_Task details_.
Among the lines below, a stretch begins at the one with "(\<forall>i. bounded (C" and ends at the one with "density (surface_area_measure K)". Repeat that stretch exactly, ends included.

•••••

(* Let $p\ge1$ and $K\in\mathcal K^{n,1}_{(o)}$. Then for every $Q\in\mathcal K_o^{1,m}$ and every star body $L\subset M_{n,m}$, \[ \widetilde V_{-p,nm}(L,\Pi^\circ_{Q,p}K)=\frac{(nm+p)\,\mathrm{vol}_{nm}(L)}{m}\,V_{p,n}(K,\Gamma_{Q,p}L). \]
   Context: $M_{k,l}$: real $k\times l$ matrices with inner product $\langle A,B\rangle=\mathrm{tr}(A^t.B)$, identified with $\mathbb R^{kl}$ (Lebesgue measure $\mathrm{vol}_{kl}$, sphere $\mathbb S^{kl-1}$); $A.B$ matrix product; $\mathbb R^n\cong M_{n,1}$, $\mathbb R^m\cong M_{1,m}$. $\mathcal K_o^{k,l}$ / $\mathcal K_{(o)}^{k,l}$: convex bodies in $M_{k,l}$ containing the origin / containing it in the interior. $h_G(x)=\sup_{y\in G}\langle y,x\rangle$, $G^\circ=\{x:h_G(x)\le1\}$. For $K\in\mathcal K^{n,1}_{(o)}$, $\sigma_K$ is its surface area measure, $d\sigma_{K,p}=h_K^{1-p}d\sigma_K$, $\Pi_{Q,p}K$ has $h_{\Pi_{Q,p}K}(x)^p=\int_{\mathbb S^{n-1}}h_Q(v^t.x)^pd\sigma_{K,p}(v)$, $\Pi^\circ_{Q,p}K=(\Pi_{Q,p}K)^\circ$. For compact $L\subset M_{n,m}$ of positive volume, $h_{\Gamma_{Q,p}L}(v)^p=\frac1{\mathrm{vol}_{nm}(L)}\int_Lh_Q(v^t.x)^pdx$, $v\in M_{n,1}$. A star body is a compact set containing the origin in its interior, star-shaped w.r.t. the origin, with continuous positive radial function $\rho_L(y)=\sup\{\lambda>0:\lambda y\in L\}$. $L^p$ mixed volume: $V_{p,n}(K,M)=\frac1n\int_{\mathbb S^{n-1}}h_M^p\,d\sigma_{K,p}$. Dual mixed volume in $\mathbb R^d$: $\widetilde V_{-p,d}(K,L)=\frac1d\int_{\mathbb S^{d-1}}\rho_K(\theta)^{d+p}\rho_L(\theta)^{-p}d\theta$. *)

theory Defs
  imports "HOL-Analysis.Analysis"
begin

definition convex_body :: "'a::euclidean_space set \<Rightarrow> bool" where
  "convex_body K \<longleftrightarrow> K \<noteq> {} \<and> compact K \<and> convex K"

definition convex_body_o :: "'a::euclidean_space set \<Rightarrow> bool" where
  "convex_body_o K \<longleftrightarrow> convex_body K \<and> 0 \<in> K"

definition convex_body_io :: "'a::euclidean_space set \<Rightarrow> bool" where
  "convex_body_io K \<longleftrightarrow> convex_body K \<and> 0 \<in> interior K"

definition supp_fun :: "'a::real_inner set \<Rightarrow> 'a \<Rightarrow> real" where
  "supp_fun G x = (SUP y\<in>G. inner y x)"

definition polar :: "'a::real_inner set \<Rightarrow> 'a set" where
  "polar G = {x. supp_fun G x \<le> 1}"

text \<open>Radial function, extended-real valued (it is "+\<infinity>" in directions in which the
  set is unbounded, e.g. for polars of lower-dimensional bodies).\<close>
definition radial_fun :: "'a::real_normed_vector set \<Rightarrow> 'a \<Rightarrow> ereal" where
  "radial_fun L y = (SUP t\<in>{t. t > 0 \<and> t *\<^sub>R y \<in> L}. ereal t)"

definition star_body :: "'a::euclidean_space set \<Rightarrow> bool" where
  "star_body L \<longleftrightarrow> compact L \<and> 0 \<in> interior L \<and>
     (\<forall>x\<in>L. \<forall>t\<in>{0..1}. t *\<^sub>R x \<in> L) \<and>
     (\<forall>y\<in>sphere 0 1. 0 < radial_fun L y \<and> radial_fun L y < \<infinity>) \<and>
     continuous_on (sphere 0 1) (\<lambda>y. real_of_ereal (radial_fun L y))"

text \<open>Spherical Lebesgue measure on "S^{d-1}" (as a measure on the ambient space,
  concentrated on the unit sphere): push-forward of "d" times Lebesgue measure on
  the unit ball under radial projection (cone-volume description of the surface measure).\<close>
definition sphere_measure :: "'a::euclidean_space measure" where
  "sphere_measure = distr (density lborel (\<lambda>x. ennreal (real DIM('a)) * indicator (ball 0 1) x))
                          borel (\<lambda>x. x /\<^sub>R norm x)"

text \<open>"s"-dimensional Hausdorff (outer) measure, normalised so that it agrees with
  "s"-dimensional Lebesgue measure on "s"-dimensional flats.\<close>
definition hausdorff_outer :: "nat \<Rightarrow> 'a::euclidean_space set \<Rightarrow> ennreal" where
  "hausdorff_outer s A =
     (SUP \<delta>\<in>{0<..}. INF C\<in>{C :: nat \<Rightarrow> 'a set. A \<subseteq> (\<Union>i. C i) \<and>
                        (\<forall>i. bounded (C i) \<and> diameter (C i) \<le> \<delta>)}.
        (\<Sum>i. if C i = {} then 0
               else ennreal (unit_ball_vol (real s) * (diameter (C i) / 2) ^ s)))"

definition rev_spherical_image :: "'a::euclidean_space set \<Rightarrow> 'a set \<Rightarrow> 'a set" where
  "rev_spherical_image K \<omega> =
     {x \<in> frontier K. \<exists>v\<in>\<omega>. norm v = 1 \<and> (\<forall>y\<in>K. inner v (y - x) \<le> 0)}"

text \<open>Surface area measure "\<sigma>_K(\<omega>) = H^{n-1}(\<nu>_K^{-1}(\<omega>))" on Borel subsets of
  the unit sphere (as a measure on the ambient space, concentrated on the sphere).\<close>
definition surface_area_measure :: "'a::euclidean_space set \<Rightarrow> 'a measure" where
  "surface_area_measure K =
     measure_of UNIV (sets borel)
       (\<lambda>\<omega>. hausdorff_outer (DIM('a) - 1) (rev_spherical_image K (\<omega> \<inter> sphere 0 1)))"

definition lp_surface_area_measure :: "real \<Rightarrow> 'a::euclidean_space set \<Rightarrow> 'a measure" where
  "lp_surface_area_measure p K =
     density (surface_area_measure K) (\<lambda>v. ennreal (supp_fun K v powr (1 - p)))"
(* For all integers $r,c,K$ there exists an integer $N$ such that the following holds. Let $G$ be a digraph with maximum out-degree at most $c$ and let $S,T\subseteq V(G)$ be such that $|T|\ge N$ and for all $t,t'\in T$ there exist a vertex $s=s(t,t')\in S$, a directed path of length at most $r$ from $s$ to $t$ and a directed path of length at most $r$ from $s$ to $t'$. Then $G$ contains a crown of order $K$ as a depth-$r$ minor.
   Context: The crown of order $K$, $S_K$, is the digraph with vertices $v_1,\dots,v_K$ and $v_{ij}$ ($1\le i<j\le K$) and arcs $(v_{ij},v_i),(v_{ij},v_j)$. Depth-$r$ minors: a digraph $H$ has a directed model in $G$ if there is a map $\delta$ assigning to each $v\in V(H)$ a subgraph $\delta(v)\subseteq G$ and to each arc $e$ of $H$ an arc $\delta(e)$ of $G$ with (1) branch sets pairwise disjoint; (2) if $e=(u,v)$ and $\delta(e)=(u',v')$ then $u'\in\delta(u)$, $v'\in\delta(v)$; (3) for each $v$, with $\mathrm{in}(\delta(v))$ (resp. $\mathrm{out}(\delta(v))$) the vertices of $\delta(v)$ lying on images of arcs entering (resp. leaving) $v$: every in-vertex reaches every out-vertex by a directed path in $\delta(v)$, some vertex of $\delta(v)$ reaches all out-vertices, and some vertex of $\delta(v)$ is reached from all in-vertices. $H$ is a depth-$r$ minor of $G$ if such a model exists in which all paths in the branch sets have length at most $r$. *)

theory Defs
  imports Main
begin

text \<open>A directed path is a nonempty list of distinct vertices with consecutive
  vertices joined by arcs; its length is the number of arcs, i.e. length p - 1.\<close>

definition dipath :: "('a \<times> 'a) set \<Rightarrow> 'a list \<Rightarrow> bool" where
  "dipath E p \<longleftrightarrow> p \<noteq> [] \<and> distinct p \<and> successively (\<lambda>x y. (x, y) \<in> E) p"

definition digraph :: "'a set \<Rightarrow> ('a \<times> 'a) set \<Rightarrow> bool" where
  "digraph V E \<longleftrightarrow> finite V \<and> E \<subseteq> V \<times> V"

definition max_outdeg_le :: "'a set \<Rightarrow> ('a \<times> 'a) set \<Rightarrow> nat \<Rightarrow> bool" where
  "max_outdeg_le V E c \<longleftrightarrow> (\<forall>v\<in>V. card {w. (v, w) \<in> E} \<le> c)"

definition path_le :: "('a \<times> 'a) set \<Rightarrow> nat \<Rightarrow> 'a \<Rightarrow> 'a \<Rightarrow> bool" where
  "path_le E r s t \<longleftrightarrow> (\<exists>p. dipath E p \<and> hd p = s \<and> last p = t \<and> length p - 1 \<le> r)"

definition path_in :: "'a set \<Rightarrow> ('a \<times> 'a) set \<Rightarrow> 'a \<Rightarrow> 'a \<Rightarrow> bool" where
  "path_in B A x y \<longleftrightarrow> (\<exists>p. dipath A p \<and> set p \<subseteq> B \<and> hd p = x \<and> last p = y)"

•••••

_Solution_.
                        (\<forall>i. bounded (C i) \<and> diameter (C i) \<le> \<delta>)}.
        (\<Sum>i. if C i = {} then 0
               else ennreal (unit_ball_vol (real s) * (diameter (C i) / 2) ^ s)))"

definition rev_spherical_image :: "'a::euclidean_space set \<Rightarrow> 'a set \<Rightarrow> 'a set" where
  "rev_spherical_image K \<omega> =
     {x \<in> frontier K. \<exists>v\<in>\<omega>. norm v = 1 \<and> (\<forall>y\<in>K. inner v (y - x) \<le> 0)}"

text \<open>Surface area measure "\<sigma>_K(\<omega>) = H^{n-1}(\<nu>_K^{-1}(\<omega>))" on Borel subsets of
  the unit sphere (as a measure on the ambient space, concentrated on the sphere).\<close>
definition surface_area_measure :: "'a::euclidean_space set \<Rightarrow> 'a measure" where
  "surface_area_measure K =
     measure_of UNIV (sets borel)
       (\<lambda>\<omega>. hausdorff_outer (DIM('a) - 1) (rev_spherical_image K (\<omega> \<inter> sphere 0 1)))"

definition lp_surface_area_measure :: "real \<Rightarrow> 'a::euclidean_space set \<Rightarrow> 'a measure" where
  "lp_surface_area_measure p K =
     density (surface_area_measure K) (\<lambda>v. ennreal (supp_fun K v powr (1 - p)))"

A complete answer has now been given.